Kaç aydır söylemiş olduğimiz üzere temelinde enflasyonla savaşı büsbütün bir kenara itmiş vaziyette ve olayı büyüme üzerine odaklıyor. Her ay değişik siyaset ve münasebetle faiz indirilmeye çalışıyordu. O münasebetler ne kadar realistik tartışılırdı fakat bu ay o münasebetleri bile net olarak nazaranmiyoruz. Enflasyonu artırarak cari açık azaltılabilir mi diye düşündüğümüzde gerçekçi değil. Enflasyonun artması iç faaliyetin hızlanması manasına geliyor ve kurlardaki kayıplar manasına geliyor. bu biçimde ortamda cari açığın dengelenmesi ve buradan gelebilecek döviz baskılarının önlenmesi ve daha ileri vadede kur baskılarının azaltılması olgusu epeyce gerçekçi yaklaşım değil.

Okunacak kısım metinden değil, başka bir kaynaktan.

lemma Mpow_emission_diag:
  assumes "1 \<le> d"
  shows "complex_of_real (Mpow r q d (\<lambda>z. c * (Ms q z 0 * (if z = 0 then a else b))) 0)
    = of_real c * of_real (q 0 0) * (of_real b * spectral0 (d + 1) + of_real (a - b) * of_real (q 0 0) * spectral0 d)"
proof -
  have weights: "(\<Sum>w\<le>r. Vinv x w * complex_of_real (c * (Ms q w 0 * (if w = 0 then a else b))))
     = of_real c * (of_real b * (lam x * Vinv x 0) + of_real (a - b) * of_real (q 0 0) * Vinv x 0)"
    if x: "x \<le> r" for x
  proof -
    have "(\<Sum>w\<le>r. Vinv x w * complex_of_real (c * (Ms q w 0 * (if w = 0 then a else b))))
       = (\<Sum>w\<le>r. of_real c * (of_real b * (Vinv x w * complex_of_real (q w 0)))
            + (if w = 0 then of_real c * (of_real (a - b) * of_real (q 0 0) * Vinv x 0) else 0))"
      by (intro sum.cong refl) (auto simp: Ms_def algebra_simps)
    also have "\<dots> = of_real c * (of_real b * (\<Sum>w\<le>r. Vinv x w * complex_of_real (q w 0))
                      + of_real (a - b) * of_real (q 0 0) * Vinv x 0)"
      by (simp add: sum.distrib sum_distrib_left distrib_left)
    finally show ?thesis using Vinv_q_column0[OF x] by simp
  qed
  have "complex_of_real (Mpow r q d (\<lambda>z. c * (Ms q z 0 * (if z = 0 then a else b))) 0)
     = (\<Sum>x<r. V 0 x * lam x ^ d * (of_real c * (of_real b * (lam x * Vinv x 0)
                                       + of_real (a - b) * of_real (q 0 0) * Vinv x 0)))"
    unfolding Mpow_0_diag by (intro sum.cong refl) (subst weights, auto)
  also have "\<dots> = of_real c * (of_real b * (\<Sum>x<r. V 0 x * lam x ^ (d + 1) * Vinv x 0)
                   + of_real (a - b) * of_real (q 0 0) * (\<Sum>x<r. V 0 x * lam x ^ d * Vinv x 0))"
    by (simp add: sum_distrib_left sum.distrib sum_subtractf algebra_simps)
  also have "\<dots> = of_real c * of_real (q 0 0) * (of_real b * spectral0 (d + 1)
                   + of_real (a - b) * of_real (q 0 0) * spectral0 d)"
    using spectral0_eq[of "d + 1"] spectral0_eq[OF assms] by (simp add: algebra_simps)
  finally show ?thesis .
qed

end

section \<open>Integration against nonnegative integer valued variables\<close>

lemma pmf_sums_one: "(\<lambda>n::nat. pmf p n) sums 1"
proof -
  have "(\<lambda>n. measure (measure_pmf p) {n}) sums measure (measure_pmf p) (\<Union>n. {n})"
    by (rule measure_UNION) (auto simp: disjoint_family_on_def)
  then show ?thesis by (simp add: measure_pmf_single)
qed

lemma nn_integral_pmf_nat:
  fixes p :: "nat pmf"
  shows "(\<integral>\<^sup>+x. ennreal (h x) \<partial>measure_pmf p) = (\<Sum>a. ennreal (pmf p a) * ennreal (h a))"
  by (simp add: nn_integral_measure_pmf nn_integral_count_space_nat)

Küresel konjektüre baktığımızda gelişen ülkelerde hem enflasyon var birebir vakitte faizleri artırma kararları alıyorlar. bu biçimde ortamda bizim eksi gerçek faize gidiyor olmamız TL üstündeki baskıların devam edeceği manasına gelebilir. Enflasyon geçişkenliğinden de bahsetmek gerekiyor. 2013’ten beri TL’de zayıflama var lakin artış kurdan epey daha önemli baskı yiyor ve daha evvelki geçişkenlikle ilgili çalışmalar bunu karşılayamıyor. Ben kurdan geçiş baskısının önemli arttığını ve yüzde 20’lerin fazlaca üzerinde enflasyonla karşı karşıya kalacağımızı düşünüyorum.

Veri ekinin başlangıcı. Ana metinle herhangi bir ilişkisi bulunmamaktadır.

lemma transient_le_boundaries:
  assumes "N > 0" "S \<subseteq> {..<N}"
  shows "of_bool (S \<noteq> {} \<and> S \<noteq> {..<N}) \<le> (\<Sum>j<N. of_bool (occ N S (int j) \<noteq> occ N S (int j + 1)) :: real)"
proof (cases "S \<noteq> {} \<and> S \<noteq> {..<N}")
  case True
  have "\<exists>j<N. occ N S (int j) \<noteq> occ N S (int j + 1)"
  proof (rule ccontr)
    assume "\<not> ?thesis"
    then have "occ N S (int k) = occ N S 0" if "k < N" for k
      using that by (induction k) (auto simp: add.commute)
    then have "j \<in> S \<longleftrightarrow> 0 \<in> S" if "j < N" for j
      using that assms(1) occ_of_nat[of j N S] occ_of_nat[of 0 N S] by fastforce
    then show False using True assms(2) by blast
  qed
  then obtain j where "j < N" "occ N S (int j) \<noteq> occ N S (int j + 1)" by blast
  then show ?thesis
    using True member_le_sum[of j "{..<N}" "\<lambda>j. of_bool (occ N S (int j) \<noteq> occ N S (int j + 1)) :: real"] by simp
next
  case False
  then have "of_bool (S \<noteq> {} \<and> S \<noteq> {..<N}) = (0 :: real)" by simp
  then show ?thesis by (simp only:) (rule sum_nonneg; simp)
qed

lemma dvd_small_int: "\<bar>d\<bar> < int N \<Longrightarrow> int N dvd d \<longleftrightarrow> d = 0"
  using zdvd_imp_le[of "int N" "\<bar>d\<bar>"] by auto

lemma inj_on_cyc_shift:
  assumes "2 * h < N"
  shows "inj_on (\<lambda>d. cyc N (i + d)) {d. \<bar>d\<bar> \<le> int h}"
proof (rule inj_onI)
  fix d d' assume "d \<in> {d. \<bar>d\<bar> \<le> int h}" "d' \<in> {d. \<bar>d\<bar> \<le> int h}" "cyc N (i + d) = cyc N (i + d')"
  then show "d = d'"
    using assms cyc_eq_iff[of N "i + d" "i + d'"] dvd_small_int[of "d - d'" N] by auto
qed

lemma mod_neg_small_int:
  fixes d n :: int
  assumes "d \<noteq> 0" "\<bar>d\<bar> < n"
  shows "(- d) mod n = (if d < 0 then - d else n - d)"
proof -
  have "(- d) mod n = (if d < 0 then - d else n - d) mod n"
    by (simp add: mod_diff_left_eq[symmetric])
  also have "\<dots> = (if d < 0 then - d else n - d)"
    using assms by (intro mod_pos_pos_trivial) auto
  finally show ?thesis .
qed

lemma cir_imp_offset:
  assumes "u < N" "j < N" "cir N k j u"
  shows "\<exists>d. d \<noteq> 0 \<and> \<bar>d\<bar> \<le> int (k div 2) \<and> u = cyc N (int j + d)"
proof -
  define D where "D = (int j - int u) mod int N"
  have D: "0 \<le> D" "D < int N" "int N dvd int j - int u - D"
    using assms(1) by (auto simp: D_def mod_eq_dvd_iff[symmetric])
  have "u \<noteq> j" using assms(3) by (simp add: cir_def)
  then have "D \<noteq> 0" using D assms(1,2) dvd_small_int[of "int j - int u" N] by auto
  have witness: "u = cyc N (int j + d)" if "int N dvd d + D" for d
  proof -
    have "int j + d - int u = (int j - int u - D) + (d + D)" by simp
    then have "int N dvd int j + d - int u" using D(3) that by (metis dvd_add)
    then show ?thesis using cyc_eq_of_nat_iff[OF assms(1)] by metis
  qed
  from assms(3) consider "D \<le> int (k div 2)" | "int N - D \<le> int (k div 2)"
    unfolding cir_def Let_def D_def by blast
  then show ?thesis
  proof cases
    case 1
    then show ?thesis using D \<open>D \<noteq> 0\<close> witness[of "- D"] by (intro exI[of _ "- D"]) simp
  next
    case 2
    then show ?thesis using D witness[of "int N - D"] by (intro exI[of _ "int N - D"]) simp
  qed
qed

lemma cir_offset:
  assumes "2 * (k div 2) < N" "j < N" "d \<noteq> 0" "\<bar>d\<bar> \<le> int (k div 2)"
  shows "cir N k j (cyc N (int j + d))"
proof -
  define u where "u = cyc N (int j + d)"
  have u: "u < N" using assms by (simp add: u_def cyc_less)
  have "int N dvd int j + d - int u" using cyc_eq_of_nat_iff[OF u] u_def by metis
  then have mod_eq: "(int j - int u) mod int N = (- d) mod int N"
    by (simp add: mod_eq_dvd_iff algebra_simps)
  have small: "\<bar>d\<bar> < int N" using assms by linarith
  then have "u \<noteq> j" using assms(3) dvd_small_int[of d N] \<open>int N dvd int j + d - int u\<close> by auto
  moreover have "(int j - int u) mod int N \<le> int (k div 2) \<or> int N - (int j - int u) mod int N \<le> int (k div 2)"
    unfolding mod_eq mod_neg_small_int[OF assms(3) small] using assms(4) by auto
  ultimately show ?thesis by (simp add: cir_def u_def)
qed

lemma nbrs_cir:
  assumes "2 * (k div 2) < N" "j < N"
  shows "nbrs N (cir N k) j = (\<lambda>d. cyc N (int j + d)) ` {d. d \<noteq> 0 \<and> \<bar>d\<bar> \<le> int (k div 2)}"
proof (intro set_eqI iffI)
  fix u assume "u \<in> nbrs N (cir N k) j"
  then show "u \<in> (\<lambda>d. cyc N (int j + d)) ` {d. d \<noteq> 0 \<and> \<bar>d\<bar> \<le> int (k div 2)}"
    using cir_imp_offset[OF _ assms(2)] by (fastforce simp: nbrs_def)
next
  fix u assume "u \<in> (\<lambda>d. cyc N (int j + d)) ` {d. d \<noteq> 0 \<and> \<bar>d\<bar> \<le> int (k div 2)}"
  then show "u \<in> nbrs N (cir N k) j"
    using cir_offset[OF assms] assms cyc_less[of N] by (auto simp: nbrs_def)
qed

lemma cir_commute:
  assumes "u < N" "j < N"
  shows "cir N k u j = cir N k j u"
proof (cases "u = j")
  case False
  have "(int j - int u) mod int N = int N - (int u - int j) mod int N"
    using False assms dvd_small_int[of "int u - int j" N]
    by (simp add: zmod_zminus1_eq_if[of "int u - int j", simplified] mod_eq_0_iff_dvd)
  then show ?thesis unfolding cir_def Let_def by auto
qed simp

lemma mem_nbrs_cir_commute: "u < N \<Longrightarrow> j < N \<Longrightarrow> u \<in> nbrs N (cir N k) j \<longleftrightarrow> j \<in> nbrs N (cir N k) u"
  by (simp add: nbrs_def cir_commute)

lemma sum_nbrs_cir:
  assumes "2 * (k div 2) < N" "j < N"
  shows "(\<Sum>u\<in>nbrs N (cir N k) j. g u) = (\<Sum>d\<in>{d. d \<noteq> 0 \<and> \<bar>d\<bar> \<le> int (k div 2)}. g (cyc N (int j + d)))"
proof -
  have "inj_on (\<lambda>d. cyc N (int j + d)) {d. d \<noteq> 0 \<and> \<bar>d\<bar> \<le> int (k div 2)}"
    by (rule inj_on_subset[OF inj_on_cyc_shift[OF assms(1)]]) auto
  then show ?thesis unfolding nbrs_cir[OF assms] by (simp add: sum.reindex)
qed

lemma offsets_4: "{d :: int. d \<noteq> 0 \<and> \<bar>d\<bar> \<le> 2} = {-2, -1, 1, 2}"
  by auto

lemma offsets_2: "{d :: int. d \<noteq> 0 \<and> \<bar>d\<bar> \<le> 1} = {-1, 1}"
  by auto

lemma sum_nbrs_cir4:
  assumes "N \<ge> 5" "j < N"
  shows "(\<Sum>u\<in>nbrs N (cir N 4) j. g u)
    = g (cyc N (int j - 2)) + g (cyc N (int j - 1)) + g (cyc N (int j + 1)) + g (cyc N (int j + 2))"
  using sum_nbrs_cir[of 4 N j g] assms by (simp add: offsets_4 add.assoc)

lemma sum_nbrs_cir2:
  assumes "N \<ge> 3" "j < N"
  shows "(\<Sum>u\<in>nbrs N (cir N 2) j. g u) = g (cyc N (int j - 1)) + g (cyc N (int j + 1))"
  using sum_nbrs_cir[of 2 N j g] assms by (simp add: offsets_2)

lemma card_nbrs_cir4: "N \<ge> 5 \<Longrightarrow> j < N \<Longrightarrow> card (nbrs N (cir N 4) j) = 4"
  using sum_nbrs_cir4[of N j "\<lambda>_. 1 :: nat"] by simp

lemma card_nbrs_cir2: "N \<ge> 3 \<Longrightarrow> j < N \<Longrightarrow> card (nbrs N (cir N 2) j) = 2"
  using sum_nbrs_cir2[of N j "\<lambda>_. 1 :: nat"] by simp

lemma moran_chain_cir: "N \<ge> 5 \<Longrightarrow> moran_chain N (cir N 4) (cir N 2)"
proof
  fix u assume "N \<ge> 5" "u < N"
  then show "nbrs N (cir N 4) u \<noteq> {}" "nbrs N (cir N 2) u \<noteq> {}"
    using card_nbrs_cir4[of N u] card_nbrs_cir2[of N u] by auto
qed simp

definition window5 :: "(bool \<Rightarrow> bool \<Rightarrow> bool \<Rightarrow> bool \<Rightarrow> bool \<Rightarrow> 'a) \<Rightarrow> (int \<Rightarrow> bool) \<Rightarrow> int \<Rightarrow> 'a" where
  "window5 F x j = F (x (j - 2)) (x (j - 1)) (x j) (x (j + 1)) (x (j + 2))"

definition cir_rate :: "bool \<Rightarrow> bool \<Rightarrow> bool \<Rightarrow> bool \<Rightarrow> bool \<Rightarrow> real" where
  "cir_rate a b c d e =
     (if c then (of_bool (\<not> b) + of_bool (\<not> d)) / 2 else (of_bool a + of_bool b + of_bool d + of_bool e) / 4)"

lemma flip_rate_cir:
  assumes N: "N \<ge> 5" and j: "j < N"
  shows "flip_rate N (cir N 4) (cir N 2) S j = window5 cir_rate (occ N S) (int j)"
proof -
  have "N \<ge> 3" using N by simp
  let ?D = "\<lambda>u. if u \<in> S then nbrs N (cir N 4) u else nbrs N (cir N 2) u"
  define h :: "nat \<Rightarrow> real" where "h u = (if j \<in> S
    then (if u \<in> nbrs N (cir N 2) j then of_bool (u \<notin> S) / 2 else 0)
    else (if u \<in> nbrs N (cir N 4) j then of_bool (u \<in> S) / 4 else 0))" for u
  have "of_bool ((u \<in> S) \<noteq> (j \<in> S) \<and> j \<in> ?D u) / real (card (?D u)) = h u" if "u < N" for u
    using mem_nbrs_cir_commute[OF that j, of 2] mem_nbrs_cir_commute[OF that j, of 4]
      card_nbrs_cir4[OF N that] card_nbrs_cir2[of N u] N that
    unfolding h_def by (cases "u \<in> S"; cases "j \<in> S") auto
  then have "flip_rate N (cir N 4) (cir N 2) S j = (\<Sum>u<N. h u)"
    unfolding flip_rate_def offspring_nbrs_def by (intro sum.cong) auto
  also have "\<dots> = (if j \<in> S then (\<Sum>u\<in>nbrs N (cir N 2) j. of_bool (u \<notin> S)) / 2
      else (\<Sum>u\<in>nbrs N (cir N 4) j. of_bool (u \<in> S)) / 4)"
  proof -
    have restrict: "(\<Sum>u<N. if u \<in> nbrs N (cir N k) j then g u else 0) = (\<Sum>u\<in>nbrs N (cir N k) j. g u)"
      for k and g :: "nat \<Rightarrow> real"
      using sum.inter_restrict[of "{..<N}" g "nbrs N (cir N k) j"] nbrs_subset[of N "cir N k" j]
      by (simp add: Int_absorb1)
    show ?thesis
      unfolding h_def by (cases "j \<in> S") (simp_all only: if_True if_False restrict sum_divide_distrib)
  qed
  also have "\<dots> = window5 cir_rate (occ N S) (int j)"
    using N j unfolding sum_nbrs_cir4[OF N j] sum_nbrs_cir2[OF \<open>N \<ge> 3\<close> j]
    by (simp add: window5_def cir_rate_def occ_def add_divide_distrib)
  finally show ?thesis .
qed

TL’de dilediğiniz üzere spekülasyon yapın diyor

TOBB ETÜ Öğretim Üyesi Doç. Dr. Atılım Murat:
Merkez Bankası dünkü kararla açık biçimde piyasalara TL’de dilediğiniz üzere spekülasyon yapabilirsiniz diyor. Çok net bu. Bu karardan evvel önce pas geçebileceğini düşünüyordum hem pas geçip hem hareket alanımız kalmadı dese dolar/TL’de 10’a gerçek geri çekilme olurdu. Piyasanın beklentisinin gerçekleşmesi sonucun gerçek olduğunu göstermiyor. TL şu an için spekülasyona açıktır. Aralık toplantısına 1 ay var yapabiliriz de yapmayabiliriz diyor lakin bu spekülasyon devam edecek piyasa yapabilir beklentisiyle negatif fiyatlamaya devam edecektir. TL’yi epeyce net savunmasız bıraktı, kuru önemsemiyorum bildirisi verdi. TL konusunda bir kaygısının olmadığını gösteriyor. TL üzerinde baskı devam edecek.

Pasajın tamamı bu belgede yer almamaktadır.